The interior is even more striking than the exterior. The driver sits front and center while the passengers are positioned on either side, a configuration pioneered by the McLaren F1 in the 1990s. Because it’s not a mass-produced car, the 004S doesn’t need to comply with safety regulations that mandate the use of airbags, among other features. The result is a refreshingly basic-looking cabin with nine analog dials clearly laid out across the dashboard, a three-spoke steering wheel, a handful of switches, and a gorgeous gated shifter.
The 004S was designed to hit the track. Aspiring racers can order an on-board fire suppression system and a rally timer integrated into the center console. Alternatively, those who prefer to use it daily can ask SCG to add an iPhone dock right in front of the shifter.
The body and the chassis are both made out of carbon fiber in a bid to keep weight down to around 2,600 pounds. Power comes from a twin-turbocharged, 5.0-liter V8 engine tuned to pump out about 650 horsepower and 531 pound-feet of torque. The eight-cylinder — whose origins haven’t been revealed yet — spins the rear wheels via a six-speed automatic transmission, though an automatic unit with shift paddles is available at an extra cost.

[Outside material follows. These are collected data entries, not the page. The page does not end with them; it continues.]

(* Consider problem (P2): $\sup_{u\in\Gamma^{nT}}J(u)$, and problem (P3): $$\max_{u,\rho,\lambda,\mu,\nu,\eta}\ -\lambda\epsilon(\beta)-\frac1N\sum_{e\in\mathcal E,t\in\mathcal T,l\in\mathcal L}\bar f_e\bar\rho_e\eta^{(l)}_e(t)+\frac1N\sum_{l\in\mathcal L}\langle\nu^{(l)},\rho^{(l)}\rangle$$ subject to, for all $l\in\mathcal L=\{1,\dots,N\}$, $e\in\mathcal E$, $t\in\mathcal T$: $\big(\bar f_e+(\bar\rho_e-\bar f_e/\bar u_e)u_e(t)\big)\eta^{(l)}_e(t)-\mu^{(l)}_e(t)\ge0$; $\nu^{(l)}=\mu^{(l)}+\frac1Tu$; $\|\nu^{(l)}\|_\star\le\lambda$; $\eta^{(l)}\ge0$; $u\in\Gamma^{nT}$; and each $\rho^{(l)}\in\mathbb{R}^{nT}$ is the admissible sample trajectory generated under $u$ from the sample $\varpi^{(l)}$ (dynamics and admissibility constraints with $\varpi^{(l)}$ in place of $\varpi$). Then (P2) is equivalent to (P3) in the sense that their optimal objective values coincide and the set of optimizers of (P2) is the projection (onto $u$) of the set of optimizers of (P3). Further, for any feasible point $(u,\rho,\lambda,\mu,\nu,\eta)$ of (P3) with objective value $\hat J(u)$, one has $\mathrm{Prob}^N\big(\mathbb{E}_{\mathbb{P}(u)}[H(u;\rho)]\ge\hat J(u)\big)\ge1-\beta$.
   Context: Highway model. Fix integers $n\ge1$, $T\ge1$; segments $e\in\mathcal{E}=\{1,\dots,n\}$ (segment $e\ge2$ has preceding segment $e-1$), time slots $t\in\mathcal{T}=\{0,\dots,T-1\}$. For each $e$: constants $h_e>0$, $\bar\rho_e>0$, $\bar f_e>0$, $\bar u_e>0$ with $\bar u_e\bar\rho_e>\bar f_e$; $\tau_e=\bar f_e/(\bar u_e\bar\rho_e-\bar f_e)$; critical density $\rho^c_e(v)=\tau_e\bar\rho_e\bar u_e/(\tau_e\bar u_e+v)$. Finite set $\Gamma\subset(0,\infty)$ of speed limits; $u=(u_e(t))\in\Gamma^{nT}$. Random vector $\varpi=(\omega,\rho(0),r^{in},r^{o})$ ($\omega(t)\ge0$, $\rho(0)\in\mathbb{R}^n_{\ge0}$, $r^{in}_e(t),r^{o}_e(t)\in[0,1)$) with distribution $\mathbb{P}_\varpi$, assumed light-tailed ($\mathbb{E}[\exp(\|\varpi\|^a)]<\infty$ for some $a>1$). Given $u$ and $\varpi$, trajectory $\rho\in\mathbb{R}^{nT}$: $\rho_1(t+1)=\rho_1(t)+h_1(\omega(t)-u_1(t)\rho_1(t))$; for $e\ge2$, $\rho_e(t+1)=\rho_e(t)+h_e\kappa_e(t)u_{e-1}(t)\rho_{e-1}(t)-h_eu_e(t)\rho_e(t)$, $\kappa_e(t)=\frac{1-r^{o}_{e-1}(t)}{1-r^{in}_e(t)}$, with admissibility $\kappa_e(t)u_{e-1}(t)\rho_{e-1}(t)\le\min\{\bar f_e,\tau_e\bar u_e(\bar\rho_e-\rho_e(t))\}$. $\mathbb{P}(u)$ is the law of $\rho$ under $\varpi\sim\mathbb{P}_\varpi$, supported on $\mathcal{Z}(u)=\{\rho:0\le\rho_e(t)\le\rho^c_e(u_e(t))\}$. $H(u;\rho)=\frac1T\sum_{e,t}\rho_e(t)u_e(t)$. Given $N$ i.i.d. samples $\varpi^{(l)}$, $l\in\mathcal L$, with trajectories $\rho^{(l)}$, $\hat{\mathbb{P}}(u)=\frac1N\sum_l\delta_{\rho^{(l)}}$; $\beta\in(0,1)$ and $\epsilon(\beta)>0$ is a Wasserstein radius such that $\mathrm{Prob}^N(\mathbb{P}(u)\in\mathcal{P}(u))\ge1-\beta$, where $\mathcal{P}(u)=\mathbb{B}_{\epsilon(\beta)}(\hat{\mathbb{P}}(u))\cap\mathcal{M}_{lt}(\mathcal{Z}(u))$ ($\mathbb{B}_\epsilon$ = Wasserstein ball w.r.t. the 1-norm, $\mathcal M_{lt}$ = light-tailed distributions); $J(u)=\inf_{\mathbb{Q}\in\mathcal{P}(u)}\mathbb{E}_{\mathbb{Q}}[H(u;\rho)]$. $\|\cdot\|$ is the 1-norm and $\|\cdot\|_\star$ its dual (the $\infty$-norm). $\mathrm{Prob}^N$ is the product probability over the $N$ samples. *)

theory Defs
  imports "HOL-Probability.Probability"
begin

text \<open>Highway parameters: h, rho-bar, f-bar, u-bar (indexed by segment e = 1..n).\<close>
record hwy =
  hh :: "nat \<Rightarrow> real"
  rhobar :: "nat \<Rightarrow> real"
  fbar :: "nat \<Rightarrow> real"
  ubar :: "nat \<Rightarrow> real"

text \<open>Random vector varpi = (omega, rho(0), r_in, r_out); r_in e t, r_out e t.\<close>
record varpi =
  om :: "nat \<Rightarrow> real"
  rho0 :: "nat \<Rightarrow> real"
  rin :: "nat \<Rightarrow> nat \<Rightarrow> real"
  rout :: "nat \<Rightarrow> nat \<Rightarrow> real"

text \<open>Index set E x T = {1..n} x {0..T-1}; vectors in R^{nT} are extensional
  functions on it.\<close>
definition Idx :: "nat \<Rightarrow> nat \<Rightarrow> (nat \<times> nat) set" where
  "Idx n T = {1..n} \<times> {..<T}"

SCG plans to begin testing pre-production prototypes next year, and it will start delivering the first 25 Founders Edition cars in 2019 at the latest. Its facility can build 250 cars annually, and the 004S is fully street legal because it falls under the low-volume manufacturer rules laid out last year by the National Highway Traffic Safety Administration (NHTSA). Pricing starts at approximately $400,000 before options are factored in, a figure that places it in the same ball park as big-name supercars like Lamborghini’s Aventador S.